A Faulty Rationale: More Time is Needed
One faulty rationale for end-of-the-case mediation is that the parties need more time to, (i) recognize the risks of their legal position, and (ii) come to grips with the reality of what it takes to resolve the case. Here are two examples of how this rationale is faulty.
1. A lack of opportunity. I remember representing a business defendant who gives ten reasons why they are not responsible for the bad things that happened. The months-long discovery process turns into a ten-step effort that proves each and every one of the reasons wrong. No early-settlement overtures occur in the case from either side, and my client appears ready to engage in meaningful settlement discussions only after all ten reasons are refuted. In retrospect, however, I’m pretty sure that, (i) they knew or suspected, all along, that they were in the wrong, and (ii) would have jumped at the end-of-case settlement terms, had those terms been available early in the case.

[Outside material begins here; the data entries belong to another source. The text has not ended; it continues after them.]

(* Let $u(x,t)$ be sufficiently smooth in $x$ (with bounded derivatives), $h>0$, and define the operators $$\mathscr L_1=\frac{1}{h^2}\Big(1-\frac1{90}\delta_x^4\Big)^{-1}\delta_x^2\Big(1-\frac1{12}\delta_x^2\Big),\qquad \mathscr L_2=\frac{1}{h^2}\Big(1+\frac1{560}\delta_x^6\Big)^{-1}\delta_x^2\Big(1-\frac1{12}\delta_x^2+\frac1{90}\delta_x^4\Big).$$ Then $$\frac{\partial^2u(x_j,t_k)}{\partial x^2}=\mathscr L_1u(x_j,t_k)+O(h^6)\quad\text{and}\quad \frac{\partial^2u(x_j,t_k)}{\partial x^2}=\mathscr L_2u(x_j,t_k)+O(h^8).$$
   Context: $\delta_x$ is the centered difference in $x$ with step $h$: $\delta_x u(x,t)=u(x+\frac h2,t)-u(x-\frac h2,t)$, so $\delta_x^2u(x,t)=u(x+h,t)-2u(x,t)+u(x-h,t)$, and $\delta_x^{2m}=(\delta_x^2)^m$. The operators act on functions of $x$ (with $t$ fixed), and $x_j=jh$, $t_k$ are grid points; the inverses $(1-\frac1{90}\delta_x^4)^{-1}$, $(1+\frac1{560}\delta_x^6)^{-1}$ are understood as the inverses of these difference operators (e.g. by their convergent Neumann series on bounded functions). *)

theory Defs
  imports "HOL-Analysis.Analysis"
begin

definition dx2 :: "real \<Rightarrow> (real \<Rightarrow> real) \<Rightarrow> (real \<Rightarrow> real)" where
  "dx2 h f = (\<lambda>x. f (x + h) - 2 * f x + f (x - h))"

text \<open>Inverse of (1 - A) via its Neumann series: (1 - A)^{-1} g = sum_n A^n g (pointwise).\<close>
definition neumann_inv :: "((real \<Rightarrow> real) \<Rightarrow> (real \<Rightarrow> real)) \<Rightarrow> (real \<Rightarrow> real) \<Rightarrow> (real \<Rightarrow> real)" where
  "neumann_inv A g = (\<lambda>x. \<Sum>n. (A ^^ n) g x)"

definition L1 :: "real \<Rightarrow> (real \<Rightarrow> real) \<Rightarrow> (real \<Rightarrow> real)" where
  "L1 h f = (\<lambda>x. (1 / h^2) *
     neumann_inv (\<lambda>\<phi> y. (1/90) * ((dx2 h ^^ 2) \<phi>) y)
       (dx2 h (\<lambda>y. f y - (1/12) * (dx2 h f) y)) x)"

definition L2 :: "real \<Rightarrow> (real \<Rightarrow> real) \<Rightarrow> (real \<Rightarrow> real)" where
  "L2 h f = (\<lambda>x. (1 / h^2) *
     neumann_inv (\<lambda>\<phi> y. - (1/560) * ((dx2 h ^^ 3) \<phi>) y)
       (dx2 h (\<lambda>y. f y - (1/12) * (dx2 h f) y + (1/90) * ((dx2 h ^^ 2) f) y)) x)"

end

theory Submission
  imports Defs
begin

text \<open>
  Write each operator as \<open>h\<^sup>2 L u = (1 - A)\<^sup>-\<^sup>1 g\<close>.  On bounded functions \<open>A\<close> is a contraction
  with ratio \<open>q = 16/90\<close> resp. \<open>64/560\<close>, so for \<open>v = h\<^sup>2 u\<^sub>x\<^sub>x\<close> the difference \<open>v - h\<^sup>2 L u\<close> is
  the Neumann series applied to the residual \<open>v - A v - g\<close> and is at most that residual divided
  by \<open>1 - q\<close>.  The residual is a fixed linear combination of the values of \<open>u\<close> and \<open>v\<close> on a
  five- (resp. seven-) point stencil which annihilates the Taylor polynomials of degree 7
  (resp. 9) of \<open>u\<close> together with their second derivatives; Taylor's theorem therefore makes it
  \<open>O(h\<^sup>8)\<close> (resp. \<open>O(h\<^sup>1\<^sup>0)\<close>).
\<close>

lemma neumann_inv_error:
  fixes A :: "(real \<Rightarrow> real) \<Rightarrow> real \<Rightarrow> real"
  assumes diff: "\<And>\<phi> \<psi>. A (\<lambda>y. \<phi> y - \<psi> y) = (\<lambda>y. A \<phi> y - A \<psi> y)"
    and contraction: "\<And>\<phi> M. \<forall>y. \<bar>\<phi> y\<bar> \<le> M \<Longrightarrow> \<forall>y. \<bar>A \<phi> y\<bar> \<le> q * M"
    and q: "0 \<le> q" "q < 1"
    and v_bounded: "\<forall>y. \<bar>v y\<bar> \<le> M"
    and residual: "\<forall>y. \<bar>v y - A v y - g y\<bar> \<le> K"
  shows "\<bar>v x - neumann_inv A g x\<bar> \<le> K / (1 - q)"
proof -
  define r where "r = (\<lambda>y. v y - A v y - g y)"
  have funpow_diff: "(A ^^ n) (\<lambda>y. \<phi> y - \<psi> y) = (\<lambda>y. (A ^^ n) \<phi> y - (A ^^ n) \<psi> y)" for n \<phi> \<psi>
    by (induction n) (simp_all add: diff)
  have funpow_bound: "\<bar>(A ^^ n) \<phi> y\<bar> \<le> q ^ n * N" if "\<forall>y. \<bar>\<phi> y\<bar> \<le> N" for n \<phi> N y
  proof -
    have "\<forall>y. \<bar>(A ^^ n) \<phi> y\<bar> \<le> q ^ n * N"
      by (induction n) (use that contraction in \<open>auto simp: mult.assoc\<close>)
    then show ?thesis ..
  qed
  have g: "g = (\<lambda>y. (\<lambda>y. v y - A v y) y - r y)"
    by (simp add: r_def)
  have term_eq: "(A ^^ n) g x = ((A ^^ n) v x - (A ^^ Suc n) v x) - (A ^^ n) r x" for n
    by (subst g) (simp add: funpow_diff funpow_swap1)
  \<comment> \<open>The \<open>v\<close>-parts of the Neumann series telescope; what is left is the series applied to \<open>r\<close>.\<close>
  have "(\<lambda>n. (A ^^ n) v x) \<longlonglongrightarrow> 0"
  proof (rule Lim_null_comparison)
    show "\<forall>\<^sub>F n in sequentially. norm ((A ^^ n) v x) \<le> q ^ n * M"
      using funpow_bound[OF v_bounded] by simp
    show "(\<lambda>n. q ^ n * M) \<longlonglongrightarrow> 0"
      by (intro tendsto_mult_left_zero LIMSEQ_power_zero) (use q in simp)
  qed
  then have telescope: "(\<lambda>n. (A ^^ n) v x - (A ^^ Suc n) v x) sums v x"
    using telescope_sums' by fastforce
  have geometric: "(\<lambda>n. q ^ n * K) sums (K / (1 - q))"
    using sums_mult2[OF geometric_sums[of q]] q by (simp add: field_simps)
  have r_terms: "norm ((A ^^ n) r x) \<le> q ^ n * K" for n
    using funpow_bound[of r K n x] residual by (simp add: r_def)
  have r_summable: "summable (\<lambda>n. norm ((A ^^ n) r x))"
    by (rule summable_comparison_test'[OF sums_summable[OF geometric]]) (use r_terms in auto)
  have "neumann_inv A g x = v x - (\<Sum>n. (A ^^ n) r x)"
    unfolding neumann_inv_def term_eq
    using suminf_diff[OF sums_summable[OF telescope] summable_norm_cancel[OF r_summable]]
      sums_unique[OF telescope] by simp
  moreover have "\<bar>\<Sum>n. (A ^^ n) r x\<bar> \<le> K / (1 - q)"
    using summable_norm[OF r_summable] suminf_le[OF r_terms r_summable sums_summable[OF geometric]]
      sums_unique[OF geometric] by simp
  ultimately show ?thesis by simp
qed

lemma dx2_diff: "dx2 h (\<lambda>y. \<phi> y - \<psi> y) = (\<lambda>y. dx2 h \<phi> y - dx2 h \<psi> y)"
  by (simp add: dx2_def fun_eq_iff algebra_simps)

lemma funpow_dx2_diff:
  "(dx2 h ^^ n) (\<lambda>y. \<phi> y - \<psi> y) = (\<lambda>y. (dx2 h ^^ n) \<phi> y - (dx2 h ^^ n) \<psi> y)"
  by (induction n) (simp_all add: dx2_diff)

lemma funpow_dx2_bounded:
  assumes "\<forall>y. \<bar>\<phi> y\<bar> \<le> M"
  shows "\<forall>y. \<bar>(dx2 h ^^ n) \<phi> y\<bar> \<le> 4 ^ n * M"
proof (induction n)
  case (Suc n)
  show ?case
  proof
    fix y
    from Suc[rule_format, of "y + h"] Suc[rule_format, of y] Suc[rule_format, of "y - h"]
    show "\<bar>(dx2 h ^^ Suc n) \<phi> y\<bar> \<le> 4 ^ Suc n * M"
      by (simp add: dx2_def)
  qed
qed (use assms in simp)

lemma taylor_remainder_bound:
  fixes D :: "nat \<Rightarrow> real \<Rightarrow> real"
  assumes der: "\<And>j z. j < n \<Longrightarrow> (D j has_real_derivative D (Suc j) z) (at z)"
    and bnd: "\<And>z. \<bar>D n z\<bar> \<le> B"
  shows "\<bar>D 0 (x + z) - (\<Sum>k<n. D k x / fact k * z ^ k)\<bar> \<le> B * \<bar>z\<bar> ^ n"
proof -
  have "\<exists>t. \<bar>t\<bar> \<le> \<bar>z\<bar> \<and> (\<lambda>s. D 0 (x + s)) z =
          (\<Sum>k<n. (\<lambda>s. D k (x + s)) 0 / fact k * z ^ k) + (\<lambda>s. D n (x + s)) t / fact n * z ^ n"
  proof (rule Maclaurin_bi_le)
    show "\<forall>k t. k < n \<and> \<bar>t\<bar> \<le> \<bar>z\<bar> \<longrightarrow>
            ((\<lambda>s. D k (x + s)) has_real_derivative D (Suc k) (x + t)) (at t)"
    proof (intro allI impI)
      fix k t assume "k < n \<and> \<bar>t\<bar> \<le> \<bar>z\<bar>"
      then have "(D k has_real_derivative D (Suc k) (x + t)) (at (x + t))"
        using der by blast
      then show "((\<lambda>s. D k (x + s)) has_real_derivative D (Suc k) (x + t)) (at t)"
        using DERIV_shift[of "D k" _ t x] by (simp add: add.commute)
    qed
  qed simp
  then obtain t where t: "D 0 (x + z) = (\<Sum>k<n. D k x / fact k * z ^ k) + D n (x + t) / fact n * z ^ n"
    by auto
  have "\<bar>D n (x + t)\<bar> / fact n \<le> \<bar>D n (x + t)\<bar>"
    using fact_ge_1[of n] by (simp add: divide_le_eq mult_le_cancel_left1)
  then have "\<bar>D n (x + t)\<bar> / fact n \<le> B"
    using bnd[of "x + t"] by linarith
  then have "\<bar>D n (x + t) / fact n * z ^ n\<bar> \<le> B * \<bar>z\<bar> ^ n"
    unfolding abs_mult power_abs by (intro mult_right_mono) simp_all
  then show ?thesis
    unfolding t by simp
qed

2. A lack of imagination. I remember representing a plaintiff against a business defendant that had clearly breached standards of care. But defense counsel refuses, in numerous different contexts, all early settlement overtures (he blames his client for the refusals). We settle at the end with defendant paying much more than defendant would ever have had to pay in an early-stage settlement. The early-refusals cost defendant dearly! I’ve often wondered why all early olive branches were rebuffed . . . and attribute it to a lack of imagination from the other side.
Another Faulty Rationale: Exhaustion Helps
Another faulty rationale for end-of-the-case mediation is the exhaustion element: when parties are weary of paying fees, weary of the time and energy consumed by the lawsuit, and concerned about risks of losing, they become more-inclined to settle. But this exhaustion element bears an unreasonably high price to pay for getting into a better mood for settling the case.
This early-mediation idea is now institutionalized in the Delaware Bankruptcy Court. In 2013, the Delaware Court establishes an early-mediation program for preference cases (see this article).
And it should be noted that early-mediation benefits are particularly in-play for bankruptcy reorganization disputes. Reorganization cases are best served when many disputes are resolved as quickly as possible. The business needs of a debtor, typically, cannot survive long and protracted battles. A debtor, simply, cannot afford to fight every battle all the time. So, early-mediation can be critical to the success of the reorganization process.
Early-mediation is optimal for resolving legal disputes, especially in bankruptcy cases. But end-of-the-case mediation is what usually happens (without any attempt at early mediation). This is wasteful and needs to change!
I totally agree, the longer a dispute hangs on the harder the positions, aggravation, hate, and misconceptions.